Data cleansing involves mainly the following:
1. Checking for null values and imputation of null values using mean, median, or mode.
2. Label Encoding as well as mapping of characteristic variables to numeric variables.
3. Grouping into different buckets


In [None]:
# Function to replace null values with the median of the corresponding column
def fill_null_with_median(df, col):
    """Replace null values with the median of the corresponding column."""
    df[col] = df[col].fillna(df[col].dropna().median())

# Function to clean the data by filling null values and imputing values
def clean_data(data):
    """
    Clean the data by filling null values and imputing values.

    Args:
        data (DataFrame): The input DataFrame to be cleaned.

    Returns:
        DataFrame: The cleaned DataFrame.
    """
    fill_null_with_median(data, 'Fare')
    fill_null_with_median(data, 'Age')
    data["Embarked"] = data["Embarked"].fillna("S")
    return data

# Function to add a new column 'Deck' based on the 'Cabin' column
def add_deck_column(data):
    """
    Create a new column 'Deck' based on the 'Cabin' column.

    Args:
        data (DataFrame): The input DataFrame.

    Returns:
        DataFrame: The DataFrame with the new 'Deck' column.
    """
    data['Cabin'].fillna(value='', inplace=True)
    data['Deck'] = data['Cabin'].apply(lambda cabin: cabin[0] if cabin != '' else 'None')
    return data

# Function to perform label encoding on categorical features
def label_encode(data, columns):
    """
    Perform label encoding on categorical features.

    Args:
        data (DataFrame): The input DataFrame.
        columns (list): List of columns to encode.
    """
    label_encoder = preprocessing.LabelEncoder()
    for column in columns:
        data[column] = label_encoder.fit_transform(data[column])

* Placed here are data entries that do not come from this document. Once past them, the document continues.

(* Let $x\in J$ and let $\{I_i\}_{i\in F}$ be an $x$-norming family. Then: (1) $\mathrm{supp}(x)\subset\bigcup_{i\in F}I_i$. (2) For every subinterval $G$ of $F$, $\sum_{i\in G}|\sum_{n\in I_i}x(n)|^2=\|x|_{\bigcup_{i\in G}I_i}\|_J^2$. (3) For every $i\in F$ and $n\in I_i\cap\mathrm{supp}(x)$, the numbers $\sum_{m\in I_i}x(m)$, $\sum_{m\in I_i,\,m\le n}x(m)$ and $\sum_{m\in I_i,\,m\ge n}x(m)$ are all nonzero and have the same sign. (4) For every $i\in F$ with $i+1\in F$, $\sum_{m\in I_i}x(m)$ and $\sum_{m\in I_{i+1}}x(m)$ have opposite signs. (5) Let $i\in F$. If $n_1<n_2$ are consecutive elements of $\mathrm{supp}(x)$ with $x(n_1)x(n_2)>0$, then either $\{n_1,n_2\}\subset I_i$ or $\{n_1,n_2\}\cap I_i=\emptyset$.
   Context: For a real sequence $x=(x(n))_{n\in\mathbb N}$ let $\|x\|_J=\sup\bigl(\sum_{i=1}^n|\sum_{k\in I_i}x(k)|^2\bigr)^{1/2}$ over all $n$ and all families of pairwise disjoint intervals $I_1,\dots,I_n$ of $\mathbb N$ (intervals: nonempty sets of consecutive positive integers, possibly infinite). $J=\{x:\|x\|_J<\infty\}$; for $x\in J$ and any interval $I$ the series $\sum_{k\in I}x(k)$ converges. $\mathrm{supp}(x)=\{n:x(n)\ne0\}$; for $A\subset\mathbb N$, $x|_A$ is the sequence equal to $x$ on $A$ and $0$ off $A$. A family of intervals $\mathcal I=\{I_i\}_{i\in F}$: $F=\{1,\dots,k\}$ or $F=\mathbb N$, each $I_i$ an interval, $\max I_i<\min I_{i+1}$ whenever $i+1\in F$; $\|x\|_{\mathcal I}=(\sum_{i\in F}|\sum_{k\in I_i}x(k)|^2)^{1/2}$; it is $x$-norming if $\|x\|_{\mathcal I}=\|x\|_J$. *)

theory Defs
  imports "HOL-Analysis.Analysis"
begin

text \<open>Sequences are functions nat => real; only positive indices matter
  (the value at 0 is never used: intervals consist of positive integers and
  the support only contains positive integers).\<close>

definition nat_interval :: "nat set \<Rightarrow> bool" where
  "nat_interval I \<longleftrightarrow> I \<noteq> {} \<and> (\<forall>n\<in>I. 0 < n) \<and>
     (\<forall>a\<in>I. \<forall>c\<in>I. \<forall>b. a \<le> b \<and> b \<le> c \<longrightarrow> b \<in> I)"

definition isum :: "(nat \<Rightarrow> real) \<Rightarrow> nat set \<Rightarrow> real" where
  "isum x I = lim (\<lambda>N. \<Sum>k\<in>I \<inter> {..<N}. x k)"

definition Jvals :: "(nat \<Rightarrow> real) \<Rightarrow> real set" where
  "Jvals x = {(\<Sum>I\<in>\<I>. (isum x I)\<^sup>2) | \<I>. finite \<I> \<and> (\<forall>I\<in>\<I>. nat_interval I)
               \<and> pairwise disjnt \<I>}"

definition inJ :: "(nat \<Rightarrow> real) \<Rightarrow> bool" where
  "inJ x \<longleftrightarrow> bdd_above (Jvals x)"

definition Jnorm :: "(nat \<Rightarrow> real) \<Rightarrow> real" where
  "Jnorm x = sqrt (Sup (Jvals x))"

definition supp :: "(nat \<Rightarrow> real) \<Rightarrow> nat set" where
  "supp x = {n. 0 < n \<and> x n \<noteq> 0}"

definition restr :: "(nat \<Rightarrow> real) \<Rightarrow> nat set \<Rightarrow> (nat \<Rightarrow> real)" where
  "restr x A = (\<lambda>n. if n \<in> A then x n else 0)"

definition interval_family :: "(nat \<Rightarrow> nat set) \<Rightarrow> nat set \<Rightarrow> bool" where
  "interval_family I F \<longleftrightarrow>
     (F = {1..} \<or> (\<exists>k\<ge>1. F = {1..k})) \<and>
     (\<forall>i\<in>F. nat_interval (I i)) \<and>
     (\<forall>i. i \<in> F \<and> i + 1 \<in> F \<longrightarrow> (\<forall>a\<in>I i. \<forall>b\<in>I (i + 1). a < b))"

definition fam_norm :: "(nat \<Rightarrow> real) \<Rightarrow> (nat \<Rightarrow> nat set) \<Rightarrow> nat set \<Rightarrow> real" where
  "fam_norm x I F = sqrt (\<Sum>\<^sub>\<infinity>i\<in>F. (isum x (I i))\<^sup>2)"

definition norming :: "(nat \<Rightarrow> real) \<Rightarrow> (nat \<Rightarrow> nat set) \<Rightarrow> nat set \<Rightarrow> bool" where
  "norming x I F \<longleftrightarrow> interval_family I F \<and>
     (\<lambda>i. (isum x (I i))\<^sup>2) summable_on F \<and> fam_norm x I F = Jnorm x"

end

theory Submission
  imports Defs
begin

(* Everything rests on an exchange principle: replacing the intervals I_i, i in S, of a norming
  family by finitely many disjoint intervals avoiding the remaining I_j cannot increase the sum of
  squares, since together with finitely many of the untouched I_j they form an admissible family
  for ||x||_J^2 = sum_F |sum_{I_i} x|^2.  A support point outside all I_i could be added as a
  singleton, giving (1).  Splitting I_i at a support point n into pieces with sums a, x(n), c gives
  three inequalities a^2 + x(n)^2 + c^2, (a + x(n))^2 + c^2, a^2 + (x(n) + c)^2 <= (a + x(n) + c)^2,
  which force the sign pattern (3).  Merging I_i, I_j and everything in between into a single
  interval, when x vanishes between them, gives (a + b)^2 <= a^2 + b^2, i.e. ab <= 0: this is (4),
  and together with (3) it yields (5).  For (2), an admissible family for x restricted to the union
  of the I_i, i in G, may be intersected with the convex hull of that union, on which x vanishes
  off the union by (1). *)

section \<open>Sums over intervals\<close>

lemma restr_restr: "restr (restr x A) B = restr x (B \<inter> A)"
  by (auto simp: restr_def)

lemma isum_eq_lim_restr: "isum x A = lim (\<lambda>N. \<Sum>k<N. restr x A k)"
  unfolding isum_def restr_def by (simp add: sum.If_cases Int_commute)

lemma isum_cong: "restr x A = restr y B \<Longrightarrow> isum x A = isum y B"
  by (simp add: isum_eq_lim_restr)

lemma isum_eq_suminf: "summable (restr x A) \<Longrightarrow> isum x A = suminf (restr x A)"
  unfolding isum_eq_lim_restr by (rule limI, rule summable_LIMSEQ)

lemma isum_finite: "finite A \<Longrightarrow> isum x A = sum x A"
proof -
  assume "finite A"
  then have "restr x A sums sum (restr x A) A"
    by (intro sums_finite) (auto simp: restr_def)
  moreover have "sum (restr x A) A = sum x A"
    by (simp add: restr_def)
  ultimately show ?thesis
    using isum_eq_suminf sums_summable sums_unique by metis
qed

lemma isum_empty [simp]: "isum x {} = 0"
  by (simp add: isum_finite)

lemma isum_singleton [simp]: "isum x {n} = x n"
  by (simp add: isum_finite)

# Function to extract titles from names and map them to numerical values
def set_title(data):
    """
    Extract titles from names and map them to numerical values.

    Args:
        data (DataFrame): The input DataFrame.
    """
    data['Title'] = data['Name'].apply(lambda x: x.split(',')[1].split('.')[0].strip())
    data['Title'] = data['Title'].replace(main_title_map)
    data['Title'] = data['Title'].map(replacement_title_map)
    data['Title'].fillna(0, inplace=True)
    data['Title'] = data['Title'].astype(int)
    data['Lastname'] = data['Name'].apply(lambda x: x.split(',')[0])

# Function to assign passengers into age groups
def get_age_group(data):
    """
    Assign passengers into age groups.

    Args:
        data (DataFrame): The input DataFrame.
    """
    data['Age'] = pd.cut(data['Age'], bins=[0, 12, 18, 23, 28, 34, 41, 67, np.inf], labels=range(8))

# Function to assign passengers into fare groups
def get_fare_group(data):
    """
    Assign passengers into fare groups.

    Args:
        data (DataFrame): The input DataFrame.
    """
    data['Fare'] = pd.cut(data['Fare'], bins=[-np.inf, 7.91, 14.454, 31, 99, 250, np.inf], labels=range(6))

# Function to calculate 'classAge' by multiplying 'Pclass' and 'Age'
def get_class_age(data):
    """
    Calculate 'classAge' by multiplying 'Pclass' and 'Age'.

    Args:
        data (DataFrame): The input DataFrame.
    """
    data['classAge'] = data['Pclass'] * data['Age']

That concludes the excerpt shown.